WHAT IS NEEDED: Your answer should consist of all lines in the listing that hold the word "distinct".

STORED DATA:
lemma special_involution_decomposition:
  assumes fin: "finite \<Phi>" and zero: "0 \<notin> \<Phi>" and refl_closed: "\<forall>\<alpha>\<in>\<Phi>. refl \<alpha> ` \<Phi> = \<Phi>"
    and "s \<in> inv_set \<Phi>"
  shows "\<exists>\<epsilon> \<beta>s. \<epsilon> \<in> special_inv_set \<Phi> \<and> distinct \<beta>s \<and>
           set \<beta>s \<subseteq> Phi_circ \<Phi> \<epsilon> \<inter> Phi_bullet \<Phi> s \<and>
           pairwise (strongly_orthogonal \<Phi>) (set \<beta>s) \<and>
           s = foldl (\<lambda>f \<beta>. f \<circ> refl \<beta>) \<epsilon> \<beta>s \<and> (\<forall>v. s v = v \<longrightarrow> \<epsilon> v = v)"
  using \<open>s \<in> inv_set \<Phi>\<close>
proof (induction "card (Phi_bullet \<Phi> s)" arbitrary: s rule: less_induct)
  case less
  note s = inv_setD[OF less.prems]
  show ?case
  proof (cases "Phi_bullet \<Phi> s = {}")
    case True
    then show ?thesis
      by (intro exI[of _ s] exI[of _ "[]"]) (simp add: special_inv_set_def less.prems)
  next
    case False
    have fin_bullet: "finite (Phi_bullet \<Phi> s)" using fin by (simp add: Phi_bullet_def)
    obtain \<beta> where \<beta>: "\<beta> \<in> Phi_bullet \<Phi> s"
      and Max: "Max ((\<lambda>g. g \<bullet> g) ` Phi_bullet \<Phi> s) = \<beta> \<bullet> \<beta>"
      using obtains_MAX[OF fin_bullet False, of "\<lambda>g. g \<bullet> g"] by blast
    have max: "g \<bullet> g \<le> \<beta> \<bullet> \<beta>" if "g \<in> Phi_bullet \<Phi> s" for g
      unfolding Max[symmetric] using fin_bullet that by simp
    have "\<beta> \<in> \<Phi>" "s \<beta> = - \<beta>" "\<beta> \<noteq> 0" using \<beta> zero by (auto simp: Phi_bullet_def)
    define s' where "s' = s \<circ> refl \<beta>"
    have s': "s' \<in> inv_set \<Phi>"
      unfolding s'_def using less.prems \<open>s \<beta> = - \<beta>\<close> \<open>\<beta> \<noteq> 0\<close> \<open>\<beta> \<in> \<Phi>\<close> refl_closed
      by (intro inv_set_comp_refl) auto
    have bullet': "Phi_bullet \<Phi> s' \<subseteq> {\<gamma> \<in> Phi_bullet \<Phi> s. \<gamma> \<bullet> \<beta> = 0} - {\<beta>}"
      unfolding s'_def using s(1) \<open>s \<beta> = - \<beta>\<close> \<open>\<beta> \<noteq> 0\<close> by (rule Phi_bullet_comp_refl)
    then have "card (Phi_bullet \<Phi> s') < card (Phi_bullet \<Phi> s)"
      using \<beta> fin_bullet by (intro psubset_card_mono) auto
    from less.hyps[OF this s'] obtain \<epsilon> \<beta>s where
      \<epsilon>: "\<epsilon> \<in> special_inv_set \<Phi>" and "distinct \<beta>s"
      and \<beta>s: "set \<beta>s \<subseteq> Phi_circ \<Phi> \<epsilon> \<inter> Phi_bullet \<Phi> s'"
      and pairwise: "pairwise (strongly_orthogonal \<Phi>) (set \<beta>s)"
      and fold: "s' = foldl (\<lambda>f \<beta>. f \<circ> refl \<beta>) \<epsilon> \<beta>s"
      and fixed: "\<forall>v. s' v = v \<longrightarrow> \<epsilon> v = v" by blast
    have so: "strongly_orthogonal \<Phi> \<gamma> \<beta> \<and> strongly_orthogonal \<Phi> \<beta> \<gamma>" if "\<gamma> \<in> set \<beta>s" for \<gamma>
    proof (rule strongly_orthogonal_if_max_length[OF s(3) \<beta> _ _ _ zero max])
      show "\<gamma> \<in> Phi_bullet \<Phi> s" "\<gamma> \<bullet> \<beta> = 0" "\<gamma> \<noteq> \<beta>" using that \<beta>s bullet' by auto
    qed
    show ?thesis
    proof (intro exI[of _ \<epsilon>] exI[of _ "\<beta>s @ [\<beta>]"] conjI allI impI)
      show "\<epsilon> \<in> special_inv_set \<Phi>" by (fact \<epsilon>)
      show "distinct (\<beta>s @ [\<beta>])" using \<open>distinct \<beta>s\<close> \<beta>s bullet' by auto
      have "\<epsilon> \<beta> = \<beta>"
        using fixed \<open>s \<beta> = - \<beta>\<close> \<open>\<beta> \<noteq> 0\<close> s(3) by (simp add: s'_def refl_self linear_neg)
      then show "set (\<beta>s @ [\<beta>]) \<subseteq> Phi_circ \<Phi> \<epsilon> \<inter> Phi_bullet \<Phi> s"
        using \<beta>s bullet' \<beta> \<open>\<beta> \<in> \<Phi>\<close> by (auto simp: Phi_circ_def)
      show "pairwise (strongly_orthogonal \<Phi>) (set (\<beta>s @ [\<beta>]))"
        using pairwise so by (simp add: pairwise_insert)
      show "s = foldl (\<lambda>f \<beta>. f \<circ> refl \<beta>) \<epsilon> (\<beta>s @ [\<beta>])"
        using fold[symmetric] \<open>\<beta> \<noteq> 0\<close> by (simp add: s'_def refl_refl fun_eq_iff)
    next
      fix v assume "s v = v"
      then have "v \<bullet> \<beta> = 0"
        using orthogonal_transformation_inner_antifixed[OF s(1) \<open>s \<beta> = - \<beta>\<close>, of v] by simp
      then show "\<epsilon> v = v" using fixed \<open>s v = v\<close> by (simp add: s'_def refl_orthogonal)
    qed
  qed
qed

definition chamber_of :: "'a::euclidean_space set \<Rightarrow> 'a \<Rightarrow> 'a set" where
  "chamber_of \<Phi> x = connected_component_set (- (\<Union>\<alpha>\<in>\<Phi>. {y. \<alpha> \<bullet> y = 0})) x"

lemma weyl_chamber_chamber_of: "\<forall>\<alpha>\<in>\<Phi>. \<alpha> \<bullet> x \<noteq> 0 \<Longrightarrow> weyl_chamber \<Phi> (chamber_of \<Phi> x)"
  unfolding weyl_chamber_def chamber_of_def Let_def by blast

lemma pos_roots_chamber_of:
  assumes x: "\<forall>\<alpha>\<in>\<Phi>. \<alpha> \<bullet> x \<noteq> 0"
  shows "pos_roots \<Phi> (chamber_of \<Phi> x) = {\<alpha> \<in> \<Phi>. 0 < \<alpha> \<bullet> x}"
proof -
  have x_in: "x \<in> chamber_of \<Phi> x" using x by (simp add: chamber_of_def)
  \<comment> \<open>a root changing sign inside the connected chamber would vanish somewhere in it\<close>
  have "0 < \<alpha> \<bullet> y" if \<alpha>: "\<alpha> \<in> \<Phi>" "0 < \<alpha> \<bullet> x" and y: "y \<in> chamber_of \<Phi> x" for \<alpha> y
  proof (rule ccontr)
    assume "\<not> 0 < \<alpha> \<bullet> y"
    then obtain w where "w \<in> chamber_of \<Phi> x" "\<alpha> \<bullet> w = 0"
      using connected_ivt_hyperplane[OF _ y x_in, of \<alpha> 0] \<alpha>(2)
      by (auto simp: chamber_of_def)
    then show False
      using connected_component_subset \<alpha>(1) by (fastforce simp: chamber_of_def)
  qed
  then show ?thesis using x_in by (auto simp: pos_roots_def)
qed

lemma subspace_avoids_hyperplanes:
  assumes L: "subspace L" and "finite A" and "\<forall>a\<in>A. \<exists>y\<in>L. a \<bullet> y \<noteq> 0"
  shows "\<exists>x\<in>L. \<forall>a\<in>A. a \<bullet> x \<noteq> 0"
  using assms(2,3)
proof (induction A rule: finite_induct)
  case empty
  then show ?case using subspace_0[OF L] by auto
next
  case (insert a A)
  then obtain x where "x \<in> L" and x: "\<forall>b\<in>A. b \<bullet> x \<noteq> 0" by auto
  obtain y where "y \<in> L" and y: "a \<bullet> y \<noteq> 0" using insert.prems by auto
  \<comment> \<open>each \<open>b\<close> with \<open>b \<bullet> y \<noteq> 0\<close> vanishes at \<open>x + t y\<close> for exactly one \<open>t\<close>\<close>
  have "finite ((\<lambda>b. - (b \<bullet> x) / (b \<bullet> y)) ` insert a A)" using insert.hyps(1) by simp
  then obtain t :: real where t: "t \<notin> (\<lambda>b. - (b \<bullet> x) / (b \<bullet> y)) ` insert a A"
    using ex_new_if_finite[OF infinite_UNIV_char_0] by blast
  have "b \<bullet> (x + t *\<^sub>R y) \<noteq> 0" if b: "b \<in> insert a A" for b
  proof
    assume "b \<bullet> (x + t *\<^sub>R y) = 0"
    then have sum: "b \<bullet> x + t * (b \<bullet> y) = 0" by (simp add: inner_add_right)
    show False
    proof (cases "b \<bullet> y = 0")
      case True
      then show False using b x y sum by auto
    next
      case False
      then have "t = - (b \<bullet> x) / (b \<bullet> y)" using sum by (simp add: field_simps)
      then show False using b t by blast
    qed
  qed
  moreover have "x + t *\<^sub>R y \<in> L"
    using \<open>x \<in> L\<close> \<open>y \<in> L\<close> L by (simp add: subspace_add subspace_mul)
  ultimately show ?case by blast
qed

lemma exists_fixed_vector_off_hyperplanes:
  assumes s: "orthogonal_transformation s" "\<And>x. s (s x) = x"
    and "finite A" and A: "\<forall>a\<in>A. s a \<noteq> - a"
  shows "\<exists>x. s x = x \<and> (\<forall>a\<in>A. a \<bullet> x \<noteq> 0)"
proof -
  have "subspace {x. s x = x}"
    using orthogonal_transformation_linear[OF s(1)]
    by (simp add: subspace_def linear_0 linear_add linear_scale)
  moreover have "\<exists>y\<in>{x. s x = x}. a \<bullet> y \<noteq> 0" if "a \<in> A" for a
  proof -
    \<comment> \<open>\<open>(a + s a) \<bullet> (a + s a) = 2 (a \<bullet> (a + s a))\<close> since \<open>s\<close> preserves lengths\<close>
    define y where "y = a + s a"
    have "s y = y" using s by (simp add: y_def orthogonal_transformation_linear linear_add)
    moreover have "y \<bullet> y = 2 * (a \<bullet> y)"
      using s(1) by (simp add: y_def orthogonal_transformation_def inner_add_left inner_add_right
          inner_commute)
    moreover have "y \<noteq> 0" using A that by (simp add: y_def add_eq_0_iff)
    ultimately show ?thesis by (intro bexI[of _ y]) auto
  qed
  ultimately show ?thesis using subspace_avoids_hyperplanes[OF _ \<open>finite A\<close>] by blast
qed
(* Let $\mathcal{P}_1,\mathcal{P}_2$ be plans, each with $t$ factors and blocks of size $k$, where every factor of $\mathcal{P}_j$ has level set $S_j$ ($j=1,2$), $S_1\neq S_2$, and let $\mathcal{P}=\mathcal{P}_1\cup\mathcal{P}_2$ be their union plan with level set $U=S_1\cup S_2$. Then: (a) if both $\mathcal{P}_1$ and $\mathcal{P}_2$ are POTBs, then $\mathcal{P}$ is a POTB; (b) if $\mathcal{P}_1$ and $\mathcal{P}_2$ are connected, then $\mathcal{P}$ is connected if and only if $S_1\cap S_2\neq\emptyset$.
   Context: A plan with $t$ factors on $b$ blocks of size $k$, all factors having level set $S$: a run assigns a level in $S$ to each factor; the plan is a collection of $b$ blocks, each a multiset of $k$ runs. For factors $A_i,A_j$, $N_{ij}$ is the matrix (rows/columns indexed by levels) whose $(p,q)$ entry is the number of runs with $A_i$ at $p$ and $A_j$ at $q$; $L_i$ is the (levels $\times$ blocks) matrix whose $(p,l)$ entry is the number of runs in block $l$ with $A_i$ at $p$. $A_i,A_j$ are OTB if $kN_{ij}=L_iL_j^T$; a POTB is a plan in which every pair of distinct factors is OTB. Union plan: $\mathcal{P}_1\cup\mathcal{P}_2$ is the plan whose blocks are all blocks of $\mathcal{P}_1$ together with all blocks of $\mathcal{P}_2$, regarded as a plan with $t$ factors each having level set $U=S_1\cup S_2$ (the $i$th factor of the union is at level $p$ exactly in those runs where the $i$th factor of $\mathcal{P}_1$ or of $\mathcal{P}_2$ is at level $p$). Under the additive model (response = general mean + block effect + sum of factor-level effects + error), $C_{i;\bar i}$ is the information matrix for the effects of the $i$th factor after eliminating the general mean, block effects and effects of all other factors; a plan whose factors have $v$ levels is connected if $\operatorname{rank}C_{i;\bar i}=v-1$ for every $i$. *)

theory Defs
  imports "Jordan_Normal_Form.DL_Rank" "HOL-Library.Multiset"
begin

text \<open>A run assigns a level to each factor (only factors with index below t matter);
  a block is a multiset of runs; a plan is a list of blocks (block l is the l-th entry).\<close>
type_synonym 'a run = "nat \<Rightarrow> 'a"
type_synonym 'a plan = "'a run multiset list"

definition plan_wf :: "nat \<Rightarrow> nat \<Rightarrow> 'a set \<Rightarrow> 'a plan \<Rightarrow> bool" where
  "plan_wf t k S P \<longleftrightarrow> finite S \<and>
     (\<forall>B\<in>set P. size B = k \<and> (\<forall>r\<in>#B. \<forall>i<t. r i \<in> S))"

definition union_plan :: "'a plan \<Rightarrow> 'a plan \<Rightarrow> 'a plan" where
  "union_plan P1 P2 = P1 @ P2"

text \<open>Entry (p,q) of N_ij and entry (p,l) of L_i.\<close>
definition Nmat :: "'a plan \<Rightarrow> nat \<Rightarrow> nat \<Rightarrow> 'a \<Rightarrow> 'a \<Rightarrow> nat" where
  "Nmat P i j p q = sum_list (map (\<lambda>B. size (filter_mset (\<lambda>r. r i = p \<and> r j = q) B)) P)"

definition Lmat :: "'a plan \<Rightarrow> nat \<Rightarrow> 'a \<Rightarrow> nat \<Rightarrow> nat" where
  "Lmat P i p l = size (filter_mset (\<lambda>r. r i = p) (P ! l))"

text \<open>k N_ij = L_i L_j^T, entrywise over the level set S.\<close>
definition OTB :: "nat \<Rightarrow> 'a set \<Rightarrow> 'a plan \<Rightarrow> nat \<Rightarrow> nat \<Rightarrow> bool" where
  "OTB k S P i j \<longleftrightarrow>
     (\<forall>p\<in>S. \<forall>q\<in>S. k * Nmat P i j p q = (\<Sum>l<length P. Lmat P i p l * Lmat P j q l))"

definition POTB :: "nat \<Rightarrow> nat \<Rightarrow> 'a set \<Rightarrow> 'a plan \<Rightarrow> bool" where
  "POTB t k S P \<longleftrightarrow> (\<forall>i<t. \<forall>j<t. i \<noteq> j \<longrightarrow> OTB k S P i j)"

YOUR SOLUTION:
  shows "\<exists>\<epsilon> \<beta>s. \<epsilon> \<in> special_inv_set \<Phi> \<and> distinct \<beta>s \<and>
      \<epsilon>: "\<epsilon> \<in> special_inv_set \<Phi>" and "distinct \<beta>s"
      show "distinct (\<beta>s @ [\<beta>])" using \<open>distinct \<beta>s\<close> \<beta>s bullet' by auto
   Context: A plan with $t$ factors on $b$ blocks of size $k$, all factors having level set $S$: a run assigns a level in $S$ to each factor; the plan is a collection of $b$ blocks, each a multiset of $k$ runs. For factors $A_i,A_j$, $N_{ij}$ is the matrix (rows/columns indexed by levels) whose $(p,q)$ entry is the number of runs with $A_i$ at $p$ and $A_j$ at $q$; $L_i$ is the (levels $\times$ blocks) matrix whose $(p,l)$ entry is the number of runs in block $l$ with $A_i$ at $p$. $A_i,A_j$ are OTB if $kN_{ij}=L_iL_j^T$; a POTB is a plan in which every pair of distinct factors is OTB. Union plan: $\mathcal{P}_1\cup\mathcal{P}_2$ is the plan whose blocks are all blocks of $\mathcal{P}_1$ together with all blocks of $\mathcal{P}_2$, regarded as a plan with $t$ factors each having level set $U=S_1\cup S_2$ (the $i$th factor of the union is at level $p$ exactly in those runs where the $i$th factor of $\mathcal{P}_1$ or of $\mathcal{P}_2$ is at level $p$). Under the additive model (response = general mean + block effect + sum of factor-level effects + error), $C_{i;\bar i}$ is the information matrix for the effects of the $i$th factor after eliminating the general mean, block effects and effects of all other factors; a plan whose factors have $v$ levels is connected if $\operatorname{rank}C_{i;\bar i}=v-1$ for every $i$. *)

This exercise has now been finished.